Behave: Writing a Scenario Outline with dynamic examples

Gherkin / Behave Examples
Gherkin syntax features test automation using examples:
Feature: Scenario Outline (tutorial04)
Scenario Outline: Use Blender with <thing>
Given I put "<thing>" in a blender
When I switch the blender on
Then it should transform into "<other thing>"
Examples: Amphibians
| thing | other thing |
| Red Tree Frog | mush |
| apples | apple juice |
Examples: Consumer Electronics
| thing | other thing |
| iPhone | toxic waste |
| Galaxy Nexus | toxic waste |
The test suite would run four times, once for each example, giving a result similar to:
My problem
How can I test using confidential data in the Examples section? For example, I would like to test an internal API with user ids or SSN numbers, without keeping the data hard coded in the feature file.
Is there a way to load the Examples dynamically from an external source?
Update: Opened a github issue on the behave project.
I've come up with another solution (behave-1.2.6):
I managed to dynamically create examples for a Scenario Outline by using before_feature.
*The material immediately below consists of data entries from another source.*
lemma schreier_c0_upper_estimate_flat:
  fixes x :: "nat \<Rightarrow> nat \<Rightarrow> real"
  assumes N: "strict_mono N"
    and x: "\<And>k. x k \<in> schreier_space" "\<And>k. schreier_norm (x k) \<le> B"
    and flat: "\<And>k i. real (N k) * \<bar>x k i\<bar> \<le> (1/2) ^ k"
    and tail: "\<And>k. schreier_norm (tail_seq (N (Suc k)) (x k)) \<le> (1/2) ^ k"
  shows "schreier_c0_upper_estimate x (B + 2)"
  unfolding schreier_c0_upper_estimate_def
proof (intro allI impI)
  fix J :: "nat set" and a :: "nat \<Rightarrow> real" and m :: real
  assume J: "finite J" and m: "0 \<le> m" "\<forall>k\<in>J. \<bar>a k\<bar> \<le> m"
  have "0 \<le> B"
    using x[of 0] schreier_norm_nonneg[of "x 0"] by (simp add: schreier_space_def)
  show "schreier_norm (\<lambda>i. \<Sum>k\<in>J. a k * x k i) \<le> (B + 2) * m"
  proof (rule schreier_norm_le)
    fix F assume F: "schreier_admissible F"
    show "(\<Sum>i\<in>F. \<bar>\<Sum>k\<in>J. a k * x k i\<bar>) \<le> (B + 2) * m"
    proof (cases "F = {}")
      case True
      with \<open>0 \<le> B\<close> m show ?thesis by simp
    next
      case False
      define hit where "hit k \<longleftrightarrow> N k \<le> Min F \<and> Min F < N (Suc k)" for k
      have hits: "(\<Sum>k\<in>J. if hit k then B else 0) \<le> B"
        using J \<open>0 \<le> B\<close> strict_mono_interval_unique[OF N] unfolding hit_def
        by (intro sum_if_unique_le) blast+
      have "(\<Sum>i\<in>F. \<bar>\<Sum>k\<in>J. a k * x k i\<bar>) \<le> (\<Sum>k\<in>J. \<bar>a k\<bar> * (\<Sum>i\<in>F. \<bar>x k i\<bar>))"
        by (rule sum_abs_lincomb_le)
      also have "\<dots> \<le> (\<Sum>k\<in>J. m * ((1/2) ^ k + (if hit k then B else 0)))"
        unfolding hit_def
        using schreier_sum_le_flat[OF x flat tail F False] m
        by (intro sum_mono mult_mono) auto
      also have "\<dots> = m * ((\<Sum>k\<in>J. (1/2) ^ k) + (\<Sum>k\<in>J. if hit k then B else 0))"
        by (simp only: sum_distrib_left[symmetric] sum.distrib)
      also have "\<dots> \<le> m * (2 + B)"
        using sum_power_half_le_2[OF J] hits m by (intro mult_left_mono) auto
      finally show ?thesis
        by (simp add: algebra_simps)
    qed
  qed
qed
Given a feature file (x.feature):
Feature: Verify squared numbers
Scenario Outline: Verify square for <number>
Then the <number> squared is <result>
Examples: Static
| number | result |
| 1 | 1 |
| 2 | 4 |
| 3 | 9 |
| 4 | 16 |
# Use the tag to mark this outline
#dynamic
Scenario Outline: Verify square for <number>
Then the <number> squared is <result>
Examples: Dynamic
| number | result |
| . | . |
And the steps file (steps/x.step):
from behave import step
#step('the {number:d} squared is {result:d}')
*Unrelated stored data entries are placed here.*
lemma barrier_supersolution:
  fixes r :: "'a \<Rightarrow> 'a \<Rightarrow> real" and x c :: 'a and N j :: nat and dd K \<omega> T :: real
  defines "Dn \<equiv> down_rate r dd N x c j" and "Up \<equiv> up_rate r dd N x c j"
    and "v \<equiv> barrier (8 * dd * K / (r c x * (1 - \<omega>))) \<omega> (N - N div 4)"
  assumes dd: "0 < dd" and K: "0 < K" and rxc: "0 \<le> r x c" and rcx: "0 < r c x"
    and om: "0 < \<omega>" "\<omega> < 1" and drift: "(1 + dd) * r x c \<le> \<omega> * r c x"
    and j: "1 \<le> j" "j < N" and vj: "v j < 1"
    and T: "Dn + Up \<le> T" "T \<le> Dn + Up + dd * real N * K"
  shows "Dn * v (j - 1) + Up * v (Suc j) + (T - Dn - Up) < T * v j"
proof -
  define \<sigma> where "\<sigma> = 8 * dd * K / (r c x * (1 - \<omega>))"
  have \<sigma>: "\<sigma> * (r c x * (1 - \<omega>)) = 8 * dd * K" "0 \<le> \<sigma>"
    using rcx om dd K by (simp_all add: \<sigma>_def)
  have jJ: "j < N - N div 4" using vj by (auto simp: v_def barrier_def split: if_splits)
  have "0 \<le> Dn" "0 \<le> Up" using dd rcx rxc by (simp_all add: Dn_def Up_def down_rate_def up_rate_def)
  then have gain: "Dn * \<sigma> * (1 - \<omega>) / real j \<le> Dn * (v j - v (j - 1)) - Up * (v (Suc j) - v j)"
    using barrier_drift[OF \<sigma>(2) om j(1) jJ] up_rate_le_down_rate[where r=r and x=x and c=c, OF _ rxc drift j(1)] dd
    by (simp add: v_def \<sigma>_def Dn_def Up_def)
  have "real N / 4 \<le> real (N - j)" using jJ by linarith
  then have "real N / 4 * r c x \<le> Dn / real j"
    using j dd rcx by (simp add: Dn_def down_rate_def mult_right_mono)
  then have "real N / 4 * r c x * (\<sigma> * (1 - \<omega>)) \<le> Dn / real j * (\<sigma> * (1 - \<omega>))"
    using \<sigma>(2) om by (intro mult_right_mono) auto
  also have "\<dots> = Dn * \<sigma> * (1 - \<omega>) / real j" by simp
  also have "real N / 4 * r c x * (\<sigma> * (1 - \<omega>)) = real N / 4 * (\<sigma> * (r c x * (1 - \<omega>)))"
    by (simp only: ac_simps)
  also have "\<dots> = real N / 4 * (8 * dd * K)" by (simp only: \<sigma>(1))
  also have "\<dots> = 2 * (dd * real N * K)" by (simp add: algebra_simps)
  finally have "2 * (dd * real N * K) \<le> Dn * (v j - v (j - 1)) - Up * (v (Suc j) - v j)"
    using gain by linarith
  moreover have "(T - Dn - Up) * (1 - v j) \<le> dd * real N * K"
  proof -
    have "0 \<le> v j" using jJ \<sigma>(2) om by (simp add: v_def barrier_def harm_nonneg flip: \<sigma>_def)
    then show ?thesis using T mult_left_mono[of "1 - v j" 1 "T - Dn - Up"] by simp
  qed
  moreover have "0 < dd * real N * K" using j dd K by simp
  ultimately have "0 < Dn * (v j - v (j - 1)) - Up * (v (Suc j) - v j) - (T - Dn - Up) * (1 - v j)"
    by linarith
  then show ?thesis by (simp add: algebra_simps)
qed

lemma line_subsolution_le:
  fixes r :: "'a::finite \<Rightarrow> 'a \<Rightarrow> real" and x c :: 'a and u :: "nat \<Rightarrow> real"
  defines "K \<equiv> (\<Sum>y\<in>UNIV. r x y) + (\<Sum>y\<in>UNIV. r c y)"
  assumes r_nonneg: "\<And>x y. 0 \<le> r x y" and r_diag: "\<And>x. r x x = 0"
    and dd: "0 < dd" and xc: "x \<noteq> c" and rcx: "0 < r c x"
    and om: "0 < \<omega>" "\<omega> < 1" and drift: "(1 + dd) * r x c \<le> \<omega> * r c x"
    and sub: "line_subsolution r dd N x c u" and u0: "u 0 = 0" and u_le_1: "\<And>j. j \<le> N \<Longrightarrow> u j \<le> 1"
    and N: "2 \<le> N" and i: "i \<le> N div 2"
  shows "u i \<le> 8 * dd * K / (r c x * (1 - \<omega>)) * (1 + ln (real N)) + \<omega> ^ (N div 4)"
proof -
  define \<sigma> where "\<sigma> = 8 * dd * K / (r c x * (1 - \<omega>))"
  define J where "J = N - N div 4"
  define v where "v = barrier \<sigma> \<omega> J"
  have "r c x \<le> (\<Sum>y\<in>UNIV. r c y)" by (rule member_le_sum) (auto intro: r_nonneg)
  moreover have "0 \<le> (\<Sum>y\<in>UNIV. r x y)" by (auto intro: sum_nonneg r_nonneg)
  ultimately have K: "0 < K" using rcx by (simp add: K_def)
  have \<sigma>: "0 \<le> \<sigma>" using dd K om rcx by (simp add: \<sigma>_def)
  have iJ: "i < J" "N div 4 \<le> J - i" using i N unfolding J_def by linarith+
  have "u i \<le> v i"
  proof (rule birth_death_comparison[where Dn="down_rate r dd N x c" and Up="up_rate r dd N x c"
        and T="\<lambda>j. incl_total_rate r dd N (zeta_conf N x c j)"])
    show "u 0 \<le> v 0" using u0 iJ om by (simp add: v_def barrier_def harm_def)
    have "\<not> N < J" by (simp add: J_def)
    then show "u N \<le> v N" using u_le_1[of N] by (simp add: v_def barrier_def)
    fix j assume j: "1 \<le> j" "j < N"
    note T_bounds = incl_total_rate_zeta_conf_bounds[where r=r and dd=dd, OF r_nonneg r_diag _ xc]
    show "0 \<le> down_rate r dd N x c j \<and> 0 \<le> up_rate r dd N x c j
        \<and> down_rate r dd N x c j + up_rate r dd N x c j \<le> incl_total_rate r dd N (zeta_conf N x c j)"
      using T_bounds(1) dd j r_nonneg[of x c] rcx by (simp add: down_rate_def up_rate_def)
    show "incl_total_rate r dd N (zeta_conf N x c j) * u j \<le> down_rate r dd N x c j * u (j - 1)
        + up_rate r dd N x c j * u (Suc j)
        + (incl_total_rate r dd N (zeta_conf N x c j) - down_rate r dd N x c j - up_rate r dd N x c j)"
      using sub j by (simp add: line_subsolution_def)
    assume "v j < 1"
    then show "down_rate r dd N x c j * v (j - 1) + up_rate r dd N x c j * v (Suc j)
        + (incl_total_rate r dd N (zeta_conf N x c j) - down_rate r dd N x c j - up_rate r dd N x c j)
        < incl_total_rate r dd N (zeta_conf N x c j) * v j"
      using barrier_supersolution[where r=r and x=x and c=c, OF dd K r_nonneg[of x c] rcx om drift j] T_bounds[of j] dd j
      by (simp add: v_def \<sigma>_def J_def K_def)
  qed (use u_le_1 i in auto)
  also have "v i \<le> \<sigma> * (1 + ln (real N)) + \<omega> ^ (N div 4)"
  proof -
    have "\<sigma> * harm i \<le> \<sigma> * (1 + ln (real N))"
      using harm_le_1_plus_ln[of i N] i N \<sigma> by (intro mult_left_mono) auto
    moreover have "\<omega> ^ (J - i) \<le> \<omega> ^ (N div 4)"
      using iJ om by (intro power_decreasing) auto
    ultimately show ?thesis using iJ by (simp add: v_def barrier_def)
  qed
  finally show ?thesis by (simp add: \<sigma>_def)
qed

lemma line_subsolution_Max_tendsto_0:
  fixes r :: "'a::finite \<Rightarrow> 'a \<Rightarrow> real" and d :: "nat \<Rightarrow> real" and u :: "nat \<Rightarrow> nat \<Rightarrow> real"
  assumes r_nonneg: "\<And>x y. 0 \<le> r x y" and r_diag: "\<And>x. r x x = 0"
    and d_pos: "\<And>N. 0 < d N" and d_lim: "d \<longlonglongrightarrow> 0"
    and d_log_lim: "(\<lambda>N. d N * ln (real N)) \<longlonglongrightarrow> 0"
    and xc: "x \<noteq> c" and rxc: "0 < r x c" and rcx: "r x c < r c x"
    and sub: "\<And>N. 2 \<le> N \<Longrightarrow> line_subsolution r (d N) N x c (u N)"
    and u0: "\<And>N. 2 \<le> N \<Longrightarrow> u N 0 = 0"
    and u_le_1: "\<And>N j. 2 \<le> N \<Longrightarrow> j \<le> N \<Longrightarrow> u N j \<le> 1"
  shows "(\<lambda>N. Max {u N i | i. i \<le> N div 2}) \<longlonglongrightarrow> 0"
proof -
  define \<omega> where "\<omega> = (1 + r x c / r c x) / 2"
  define K where "K = (\<Sum>y\<in>UNIV. r x y) + (\<Sum>y\<in>UNIV. r c y)"
  define C where "C = 8 * K / (r c x * (1 - \<omega>))"
  define bound where "bound N = 8 * d N * K / (r c x * (1 - \<omega>)) * (1 + ln (real N)) + \<omega> ^ (N div 4)"
    for N
  define \<delta> where "\<delta> = (\<omega> * r c x - r x c) / r x c"
  have rcx0: "0 < r c x" using rxc rcx by linarith
  have om: "0 < \<omega>" "\<omega> < 1" using rxc rcx rcx0 by (auto simp: \<omega>_def field_simps)
  have "0 < \<delta>" using rcx rxc rcx0 by (simp add: \<delta>_def \<omega>_def field_simps)
  then have small_d: "eventually (\<lambda>N. d N < \<delta>) sequentially" using d_lim by (rule order_tendstoD(2)[rotated])
  have set_eq: "{u N i | i. i \<le> N div 2} = u N ` {..N div 2}" for N by auto
  have "eventually (\<lambda>N. 0 \<le> Max {u N i | i. i \<le> N div 2}) sequentially"
    using eventually_ge_at_top[of 2]
  proof eventually_elim
    case (elim N)
    have "0 = u N 0" using u0[OF elim] by simp
    also have "u N 0 \<le> Max {u N i | i. i \<le> N div 2}" unfolding set_eq by (rule Max_ge) auto
    finally show ?case .
  qed
  moreover have "eventually (\<lambda>N. Max {u N i | i. i \<le> N div 2} \<le> bound N) sequentially"
    using small_d eventually_ge_at_top[of 2]
  proof eventually_elim
    case (elim N)
    have drift: "(1 + d N) * r x c \<le> \<omega> * r c x"
      using elim(1) rxc by (simp add: \<delta>_def field_simps)
    have "u N i \<le> bound N" if "i \<le> N div 2" for i
      using line_subsolution_le[where r=r and x=x and c=c and u="u N", OF r_nonneg r_diag d_pos xc
          rcx0 om drift sub[OF elim(2)] u0[OF elim(2)] u_le_1[OF elim(2)] elim(2) that]
      by (simp add: bound_def K_def)
    then show ?case unfolding set_eq by (subst Max_le_iff) auto
  qed
  moreover have "bound \<longlonglongrightarrow> 0"
  proof -
    have "(\<lambda>N. C * (d N + d N * ln (real N)) + \<omega> ^ (N div 4)) \<longlonglongrightarrow> C * (0 + 0) + 0"
      using filterlim_compose[OF LIMSEQ_power_zero[of \<omega>] filterlim_at_top_div_const_nat[of 4]] om
      by (intro tendsto_intros d_lim d_log_lim) auto
    moreover have "bound = (\<lambda>N. C * (d N + d N * ln (real N)) + \<omega> ^ (N div 4))"
      by (auto simp: bound_def C_def divide_inverse algebra_simps)
    ultimately show ?thesis by simp
  qed
  ultimately show ?thesis by (rule tendsto_sandwich[OF _ _ tendsto_const])
qed

section \<open>Hitting probabilities from the segments\<close>

lemma incl_hit_zeta_conf_tendsto_1:
  fixes r :: "'a::finite \<Rightarrow> 'a \<Rightarrow> real" and d :: "nat \<Rightarrow> real"
  assumes r_nonneg: "\<And>x y. 0 \<le> r x y" and r_diag: "\<And>x. r x x = 0"
    and d_pos: "\<And>N. 0 < d N" and d_lim: "d \<longlonglongrightarrow> 0"
    and d_log_lim: "(\<lambda>N. d N * ln (real N)) \<longlonglongrightarrow> 0"
    and xA: "x \<in> A" and rxc: "0 < r x c" and rcx: "r x c < r c x"
  shows "(\<lambda>N. Max {\<bar>incl_hit r (d N) N (E_set N A) (E_set N B) (zeta_conf N x c i) - 1\<bar>
                   | i. i \<le> N div 2}) \<longlonglongrightarrow> 0"
proof -
  let ?h = "\<lambda>N i. incl_hit r (d N) N (E_set N A) (E_set N B) (zeta_conf N x c i)"
  have xc: "x \<noteq> c" using rcx by auto
  have h_bounds: "0 \<le> ?h N i" "?h N i \<le> 1" if "i \<le> N" for N i
    using incl_hit_bounds[OF r_nonneg less_imp_le[OF d_pos] zeta_conf_mem_config_space[OF xc that]]
    by auto
  have "(\<lambda>N. Max {1 - ?h N i | i. i \<le> N div 2}) \<longlonglongrightarrow> 0"
  proof (rule line_subsolution_Max_tendsto_0[where r=r and d=d and x=x and c=c, OF r_nonneg r_diag d_pos d_lim d_log_lim xc rxc rcx])
    show "line_subsolution r (d N) N x c (\<lambda>i. 1 - ?h N i)" for N
      using zeta_conf_notin_E_set[OF xc]
      by (intro line_subsolution_incl_hit(1) r_nonneg r_diag d_pos xc) (use rxc rcx in auto)
    show "1 - ?h N 0 = 0" for N
      using xA by (simp add: zeta_conf_0 incl_hit_def hit_prob_def E_set_def)
    show "1 - ?h N j \<le> 1" if "j \<le> N" for N j
      using h_bounds(1)[OF that] by simp
  qed
  moreover have "{\<bar>?h N i - 1\<bar> | i. i \<le> N div 2} = {1 - ?h N i | i. i \<le> N div 2}" for N
    using h_bounds(2) by (intro Collect_cong ex_cong1) auto
  ultimately show ?thesis by simp
qed

lemma incl_hit_zeta_conf_tendsto_0:
  fixes r :: "'a::finite \<Rightarrow> 'a \<Rightarrow> real" and d :: "nat \<Rightarrow> real"
  assumes r_nonneg: "\<And>x y. 0 \<le> r x y" and r_diag: "\<And>x. r x x = 0"
    and d_pos: "\<And>N. 0 < d N" and d_lim: "d \<longlonglongrightarrow> 0"
    and d_log_lim: "(\<lambda>N. d N * ln (real N)) \<longlonglongrightarrow> 0"
    and disj: "A \<inter> B = {}" and xB: "x \<in> B" and rxc: "0 < r x c" and rcx: "r x c < r c x"
  shows "(\<lambda>N. Max {incl_hit r (d N) N (E_set N A) (E_set N B) (zeta_conf N x c i)
                   | i. i \<le> N div 2}) \<longlonglongrightarrow> 0"
proof (rule line_subsolution_Max_tendsto_0[where r=r and d=d and x=x and c=c, OF r_nonneg r_diag d_pos d_lim d_log_lim _ rxc rcx])
  show xc: "x \<noteq> c" using rcx by auto
  show "line_subsolution r (d N) N x c (\<lambda>i. incl_hit r (d N) N (E_set N A) (E_set N B) (zeta_conf N x c i))"
    for N
    using zeta_conf_notin_E_set[OF xc]
    by (intro line_subsolution_incl_hit(2) r_nonneg r_diag d_pos xc) (use rxc rcx in auto)
  show "incl_hit r (d N) N (E_set N A) (E_set N B) (zeta_conf N x c 0) = 0" if "2 \<le> N" for N
  proof -
    have "xi_conf N x \<notin> E_set N A" "xi_conf N x \<in> E_set N B"
      using xB disj that by (auto simp: xi_conf_mem_E_set_iff)
    then show ?thesis by (simp add: zeta_conf_0 incl_hit_def hit_prob_def)
  qed
  show "incl_hit r (d N) N (E_set N A) (E_set N B) (zeta_conf N x c j) \<le> 1" if "j \<le> N" for N j
    using incl_hit_bounds(2)[OF r_nonneg less_imp_le[OF d_pos] zeta_conf_mem_config_space[OF xc that]] .
qed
def step_impl(context, number, result):
assert number*number == result
The trick is to use before_feature in environment.py as it has already parsed the examples tables to the scenario outlines, but hasn't generated the scenarios from the outline yet.
import behave
import copy
def before_feature(context, feature):
features = (s for s in feature.scenarios if type(s) == behave.model.ScenarioOutline and
'dynamic' in s.tags)
for s in features:
for e in s.examples:
orig = copy.deepcopy(e.table.rows[0])
e.table.rows = []
for num in range(1,5):
n = copy.deepcopy(orig)
# This relies on knowing that the table has two rows.
n.cells = ['{}'.format(num), '{}'.format(num*num)]
e.table.rows.append(n)
This will only operate on Scenario Outlines that are tagged with #dynamic.
The result is:
behave -k --no-capture
Feature: Verify squared numbers # features/x.feature:1
Scenario Outline: Verify square for 1 -- #1.1 Static # features/x.feature:8
Then the 1 squared is 1 # features/steps/x.py:3
Scenario Outline: Verify square for 2 -- #1.2 Static # features/x.feature:9
Then the 2 squared is 4 # features/steps/x.py:3
Scenario Outline: Verify square for 3 -- #1.3 Static # features/x.feature:10
Then the 3 squared is 9 # features/steps/x.py:3
Scenario Outline: Verify square for 4 -- #1.4 Static # features/x.feature:11
Then the 4 squared is 16 # features/steps/x.py:3
#dynamic
Scenario Outline: Verify square for 1 -- #1.1 Dynamic # features/x.feature:19
Then the 1 squared is 1 # features/steps/x.py:3
#dynamic
Scenario Outline: Verify square for 2 -- #1.2 Dynamic # features/x.feature:19
Then the 2 squared is 4 # features/steps/x.py:3
#dynamic
Scenario Outline: Verify square for 3 -- #1.3 Dynamic # features/x.feature:19
Then the 3 squared is 9 # features/steps/x.py:3
#dynamic
Scenario Outline: Verify square for 4 -- #1.4 Dynamic # features/x.feature:19
Then the 4 squared is 16 # features/steps/x.py:3
1 feature passed, 0 failed, 0 skipped
8 scenarios passed, 0 failed, 0 skipped
8 steps passed, 0 failed, 0 skipped, 0 undefined
Took 0m0.005s
This relies on having an Examples table with the correct shape as the final table, in my example, with two rows. I also don't fuss with creating new behave.model.Row objects, I just copy the one from the table and update it. For extra ugliness, if you're using a file, you can put the file name in the Examples table.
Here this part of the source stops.